While most solutions focus on the software first, Epic predefines the software in this solution. Thus, the critical variable is the hardware for VMware Cloud Foundation and so we call out the hardware resources first due to the importance of the performance criteria for Epic on VMware Cloud Foundation and vSAN.

As part of the research for this guide, we test with the below hardware. Note that this hardware simply serves as a baseline. Refer to the Epic Hardware Guide and the vSAN HCG for the most recent hardware recommendations. Each VMware Cloud Foundation node has the following configuration:

Table 1. Hardware Configuration for ODB and Analytical Database vSAN Cluster Cluster—Small Customer

PROPERTY

SPECIFICATION

 

Purpose

Server model name

6 x Dell EMC PowerEdge 640

 

CPU

2 x Intel(R) Xeon(R) Platinum 6254 CPU @ 3.10GHz, 18 core each

 

RAM

576GB

 

Network adapter

1 x Mellanox Technologies MT27710 (dual port)

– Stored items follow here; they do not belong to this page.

lemma norm_pochhammer_le:
  fixes w :: "'a::real_normed_field"
  assumes "norm w \<le> y"
  shows "norm (pochhammer w j) \<le> pochhammer y j"
proof (induction j)
  case (Suc j)
  have "norm (pochhammer w (Suc j)) = norm (pochhammer w j) * norm (w + of_nat j)"
    by (simp add: pochhammer_Suc norm_mult)
  also have "\<dots> \<le> pochhammer y j * (y + of_nat j)"
    using Suc assms norm_triangle_ineq[of w "of_nat j"]
    by (intro mult_mono) (auto intro: order_trans[OF norm_ge_zero])
  finally show ?case by (simp add: pochhammer_Suc)
qed simp

lemma norm_add_of_nat_ge_linear:
  fixes \<beta> :: complex
  assumes "\<forall>m::nat. \<beta> \<noteq> - of_nat m"
  obtains \<epsilon> where "\<epsilon> > 0" "\<And>m::nat. \<epsilon> * (of_nat m + 1) \<le> norm (\<beta> + of_nat m)"
proof -
  define M where "M = nat \<lceil>2 * norm \<beta>\<rceil> + 1"
  define \<epsilon> where "\<epsilon> = min (1/2) (Min ((\<lambda>m. norm (\<beta> + of_nat m) / (of_nat m + 1)) ` {..<M}))"
  have pos: "norm (\<beta> + of_nat m) > 0" for m
    using assms by (auto simp: eq_neg_iff_add_eq_0)
  \<comment> \<open>finitely many \<open>m\<close> are handled by the minimum, the others by \<open>|\<beta> + m| \<ge> m - |\<beta>| \<ge> (m + 1)/2\<close>\<close>
  have "0 < Min ((\<lambda>m. norm (\<beta> + of_nat m) / (of_nat m + 1)) ` {..<M})"
    using pos by (subst Min_gr_iff) (auto simp: M_def)
  then have "\<epsilon> > 0"
    unfolding \<epsilon>_def by simp
  moreover have "\<epsilon> * (of_nat m + 1) \<le> norm (\<beta> + of_nat m)" for m
  proof (cases "m < M")
    case True
    then have "\<epsilon> \<le> norm (\<beta> + of_nat m) / (of_nat m + 1)"
      unfolding \<epsilon>_def by (intro min.coboundedI2 Min_le) auto
    then show ?thesis by (simp add: field_simps)
  next
    case False
    then have "real m \<ge> 2 * norm \<beta> + 1" unfolding M_def by linarith
    have "\<epsilon> * (of_nat m + 1) \<le> (of_nat m + 1) / 2"
      unfolding \<epsilon>_def by (simp add: min_def)
    also have "\<dots> \<le> real m - norm \<beta>"
      using \<open>real m \<ge> 2 * norm \<beta> + 1\<close> by simp
    also have "\<dots> \<le> norm (\<beta> + of_nat m)"
      using norm_triangle_ineq2[of "of_nat m" "- \<beta>"] by (simp add: add.commute)
    finally show ?thesis .
  qed
  ultimately show ?thesis using that by blast
qed

lemma norm_add_of_nat_le:
  fixes a :: "'a::real_normed_algebra_1"
  shows "norm (a + of_nat m) \<le> (norm a + 1) * (of_nat m + 1)"
proof -
  have "norm (a + of_nat m) \<le> norm a + of_nat m" using norm_triangle_ineq[of a "of_nat m"] by simp
  also have "\<dots> \<le> (norm a + 1) * (of_nat m + 1)" by (simp add: algebra_simps)
  finally show ?thesis .
qed

lemma norm_hyp3F2_coeff_Suc_le:
  fixes a1 a2 a3 b1 b2 :: complex and e1 e2 :: real
  assumes e1: "e1 > 0" "\<And>m::nat. e1 * (of_nat m + 1) \<le> norm (b1 + of_nat m)"
    and e2: "e2 > 0" "\<And>m::nat. e2 * (of_nat m + 1) \<le> norm (b2 + of_nat m)"
  defines "K \<equiv> (norm a1 + 1) * (norm a2 + 1) * (norm a3 + 1) / (e1 * e2)"
  shows "norm (hyp3F2_coeff a1 a2 a3 b1 b2 (Suc m)) \<le> norm (hyp3F2_coeff a1 a2 a3 b1 b2 m) * K"
proof -
  define P where "P = (norm a1 + 1) * (norm a2 + 1) * (norm a3 + 1)"
  define num where "num = (a1 + of_nat m) * (a2 + of_nat m) * (a3 + of_nat m)"
  define den where "den = (b1 + of_nat m) * (b2 + of_nat m) * (of_nat m + 1 :: complex)"
  have rec: "hyp3F2_coeff a1 a2 a3 b1 b2 (Suc m) = hyp3F2_coeff a1 a2 a3 b1 b2 m * (num / den)"
    unfolding hyp3F2_coeff_def num_def den_def by (simp add: pochhammer_Suc field_simps)
  have "norm num \<le> ((norm a1 + 1) * (of_nat m + 1)) * ((norm a2 + 1) * (of_nat m + 1))
      * ((norm a3 + 1) * (of_nat m + 1))"
    unfolding num_def norm_mult by (intro mult_mono norm_add_of_nat_le) auto
  also have "\<dots> = P * (of_nat m + 1)^3" unfolding P_def by (simp add: power3_eq_cube)
  finally have num: "norm num \<le> P * (of_nat m + 1)^3" .
  have "e1 * e2 * (of_nat m + 1)^3 = (e1 * (of_nat m + 1)) * (e2 * (of_nat m + 1)) * (of_nat m + 1)"
    by (simp add: power3_eq_cube)
  also have "\<dots> \<le> norm (b1 + of_nat m) * norm (b2 + of_nat m) * (of_nat m + 1)"
    using e1 e2 by (intro mult_mono) auto
  also have "\<dots> = norm den"
    unfolding den_def norm_mult using norm_of_nat[of "Suc m", where 'a=complex] by (simp add: add.commute)
  finally have den: "e1 * e2 * (of_nat m + 1)^3 \<le> norm den" .
  have "P > 0" unfolding P_def by (intro mult_pos_pos) (auto simp: add_nonneg_pos)
  then have "norm (num / den) \<le> (P * (of_nat m + 1)^3) / (e1 * e2 * (of_nat m + 1)^3)"
    unfolding norm_divide by (intro frac_le) (use num den e1 e2 in auto)
  also have "\<dots> = K" unfolding K_def P_def by simp
  finally show ?thesis unfolding rec norm_mult by (intro mult_left_mono) auto
qed

lemma hyp3F2_coeff_bound:
  fixes a1 a2 a3 b1 b2 :: complex
  assumes b1: "\<forall>m::nat. b1 \<noteq> - of_nat m" and b2: "\<forall>m::nat. b2 \<noteq> - of_nat m"
  obtains K where "K > 0" "\<And>m. norm (hyp3F2_coeff a1 a2 a3 b1 b2 m) \<le> K^m"
proof -
  obtain e1 where e1: "e1 > 0" "\<And>m::nat. e1 * (of_nat m + 1) \<le> norm (b1 + of_nat m)"
    using norm_add_of_nat_ge_linear[OF b1] by blast
  obtain e2 where e2: "e2 > 0" "\<And>m::nat. e2 * (of_nat m + 1) \<le> norm (b2 + of_nat m)"
    using norm_add_of_nat_ge_linear[OF b2] by blast
  define K where "K = (norm a1 + 1) * (norm a2 + 1) * (norm a3 + 1) / (e1 * e2)"
  have pos: "0 < norm z + 1" for z :: complex
    using norm_ge_zero[of z] by linarith
  have K: "K > 0"
    unfolding K_def by (rule divide_pos_pos[OF mult_pos_pos[OF mult_pos_pos[OF pos pos] pos]
      mult_pos_pos[OF e1(1) e2(1)]])
  have "norm (hyp3F2_coeff a1 a2 a3 b1 b2 m) \<le> K^m" for m
  proof (induction m)
    case (Suc m)
    have "norm (hyp3F2_coeff a1 a2 a3 b1 b2 (Suc m)) \<le> norm (hyp3F2_coeff a1 a2 a3 b1 b2 m) * K"
      unfolding K_def by (rule norm_hyp3F2_coeff_Suc_le[OF e1 e2])
    also have "\<dots> \<le> K^m * K" using Suc K by (intro mult_right_mono) auto
    finally show ?case by (simp add: mult.commute)
  qed (simp add: hyp3F2_coeff_def)
  with K that show ?thesis by blast
qed

lemma cubic_substitution_factor:
  fixes x a :: complex
  assumes "x \<noteq> 4"
  shows "(1 - x/4) powr a * ((27/64)^m * x^(2*m) * (1 - x/4) powr (- (of_nat (3*m) + a)))
       = (27 * x^2 / (4 - x)^3)^m"
proof -
  have nz: "1 - x/4 \<noteq> 0" using assms by (auto simp: field_simps)
  have "(1 - x/4) powr a * (1 - x/4) powr (- (of_nat (3*m) + a)) = (1 - x/4) powr (- of_nat (3*m))"
    by (simp flip: powr_add)
  also have "\<dots> = inverse ((1 - x/4)^(3*m))"
    by (simp only: powr_minus powr_nat'[OF disjI1[OF nz]])
  finally have e: "(1 - x/4) powr a * (1 - x/4) powr (- (of_nat (3*m) + a)) = inverse ((1 - x/4)^(3*m))" .
  have "(4 - x)^3 = 64 * (1 - x/4)^3" by (simp add: power3_eq_cube field_simps)
  then have cube: "27 * x^2 / (4 - x)^3 = (27/64) * x^2 * inverse ((1 - x/4)^3)"
    using nz by (simp add: field_simps)
  have "(1 - x/4) powr a * ((27/64)^m * x^(2*m) * (1 - x/4) powr (- (of_nat (3*m) + a)))
      = (27/64)^m * x^(2*m) * ((1 - x/4) powr a * (1 - x/4) powr (- (of_nat (3*m) + a)))"
    by (simp only: ac_simps)
  also have "\<dots> = (27/64)^m * x^(2*m) * inverse ((1 - x/4)^(3*m))"
    by (simp only: e)
  also have "\<dots> = (27/64)^m * (x^2)^m * inverse (((1 - x/4)^3)^m)"
    by (simp only: power_mult)
  also have "\<dots> = (27 * x^2 / (4 - x)^3)^m"
    by (simp only: cube power_mult_distrib power_inverse)
  finally show ?thesis .
qed

lemma summable_cubic_majorant:
  fixes K r s :: real
  assumes K: "K > 0" and r: "0 \<le> r" "r \<le> 1" and Kr: "K * r < 1"
  shows "summable (\<lambda>m. K^m * (27/64)^m * r^(2*m) * (1 - r/4) powr (- (real (3*m) + s)))"
proof -
  define t where "t = 1 - r/4"
  define q where "q = K * (27/64) * r^2 / t^3"
  have t: "3/4 \<le> t" "t \<le> 1" unfolding t_def using r by auto
  have "K^m * (27/64)^m * r^(2*m) * t powr (- (real (3*m) + s)) = t powr (- s) * q^m" for m
  proof -
    have "t powr (- (real (3*m) + s)) = t powr (- real (3*m)) * t powr (- s)"
      by (simp flip: powr_add)
    also have "t powr (- real (3*m)) = inverse ((t^3)^m)"
      using t powr_realpow[of t "3*m"] by (simp add: powr_minus power_mult)
    finally have "t powr (- (real (3*m) + s)) = inverse ((t^3)^m) * t powr (- s)" .
    moreover have "r^(2*m) = (r^2)^m" by (simp add: power_mult)
    ultimately show ?thesis
      unfolding q_def using t by (simp add: power_mult_distrib power_divide field_simps)
  qed
  moreover have "norm q < 1"
  proof -
    have "27/64 \<le> t^3"
      using power_mono[OF t(1), of 3] by (simp add: power3_eq_cube)
    then have "q \<le> K * (27/64) * r^2 / (27/64)"
      unfolding q_def using K t by (intro divide_left_mono) auto
    also have "\<dots> \<le> K * r" using r K by (simp add: power2_eq_square mult_left_le)
    also have "\<dots> < 1" by (rule Kr)
    finally have "q < 1" .
    moreover have "0 \<le> q" unfolding q_def using K t by simp
    ultimately show ?thesis by simp
  qed
  ultimately show ?thesis
    unfolding t_def[symmetric] by (simp add: summable_mult summable_geometric)
qed

definition cubic_double_series_term :: "(nat \<Rightarrow> complex) \<Rightarrow> complex \<Rightarrow> complex \<Rightarrow> nat \<times> nat \<Rightarrow> complex" where
  "cubic_double_series_term c a x = (\<lambda>(m, j).
     c m * (27/64)^m * x^(2*m) * (pochhammer (of_nat (3*m) + a) j / fact j * (x/4)^j))"

lemma summable_on_cubic_double_series_term:
  fixes c :: "nat \<Rightarrow> complex" and a x :: complex and K :: real
  assumes c: "\<And>m. norm (c m) \<le> K^m" and K: "K > 0" and x: "norm x \<le> 1" "K * norm x < 1"
  shows "cubic_double_series_term c a x summable_on UNIV"
proof (rule summable_on_pairs_dominated)
  fix m j
  have p: "norm (pochhammer (of_nat (3*m) + a) j) \<le> pochhammer (real (3*m) + norm a) j"
    by (rule norm_pochhammer_le) (use norm_triangle_ineq[of "of_nat (3*m)" a] in simp)
  moreover have "0 \<le> pochhammer (real (3*m) + norm a) j"
    using p norm_ge_zero order_trans by blast
  ultimately show "norm (cubic_double_series_term c a x (m, j))
      \<le> K^m * (27/64)^m * norm x^(2*m) * (pochhammer (real (3*m) + norm a) j / fact j * (norm x/4)^j)"
    unfolding cubic_double_series_term_def using c[of m] K
    by (auto simp: norm_mult norm_divide norm_power intro!: mult_mono divide_right_mono)
next
  fix m
  show "(\<lambda>j. K^m * (27/64)^m * norm x^(2*m) * (pochhammer (real (3*m) + norm a) j / fact j * (norm x/4)^j))
      sums (K^m * (27/64)^m * norm x^(2*m) * (1 - norm x/4) powr (- (real (3*m) + norm a)))"
    using x by (intro sums_mult pochhammer_binomial_series_real) auto
next
  show "summable (\<lambda>m. K^m * (27/64)^m * norm x^(2*m) * (1 - norm x/4) powr (- (real (3*m) + norm a)))"
    using x K by (intro summable_cubic_majorant) auto
qed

2 x Intel X550 (dual port)

vSAN Network Traffic

VM Traffic

vMotion and Management Traffic

Storage adapter

1 x Dell HBA330 Adapter

 

Disks

Cache: 2 x 1600GB Write Intensive NVMe

Capacity: 8 x 3.84TB Mixed Use SAS SSDs

 

 

VMware Cloud Foundation and vSAN Best Practice:

Although VMware vSAN supports a wide range of hardware for optimal performance with applications such as EHRs, we recommend the following storage best practices:

  • Minimum Dual Intel Gold processors with minimum of 18 cores per socket and 2.6GHz frequency base[1]
  • Minimum of 576GB RAM per vSAN node
  • Minimum (4) 10GbE, preferred 25GbE Network Interface Cards
  • Two disk groups minimum per vSAN node, with a minimum of (5) disks per disk group
  • Mixed Use or Write Intensive NVMe SSDs for the vSAN cache tier disks
  • Mixed Use NVMe or 12Gb SAS SSDs for the vSAN capacity tier disks
  • Network Switches must be a non-blocking architecture and with high-buffers
  • Ensure all components are on the VMware vSAN Hardware Compatibility Guide

These recommendations should be cross-referenced with the Epic Hardware Configuration Guide. Hardware configurations that do not meet the VMware vSAN requirements for Epic EHR may impact performance.

Network Configuration

Figure 1 shows the VMware vSphere Distributed Switches configuration for the workload domain of the VMware Cloud. Two 25 GbE vmnics were used and configured with teaming policies.

In the management workload domain, NSX-T resides on the management port group of the virtual dedicated server. In the Epic VI workload domain, we use NSX-T to add segments to the VDS. For the NSX-T design guidance, see NSX-T Reference Design.

Epic VCF Net

Figure 1. VMware vSphere Distributed Switches Configuration

Beyond the segments created by VMware Cloud Foundation, we created two additional segments to service production VM traffic isolated from non-production VM traffic.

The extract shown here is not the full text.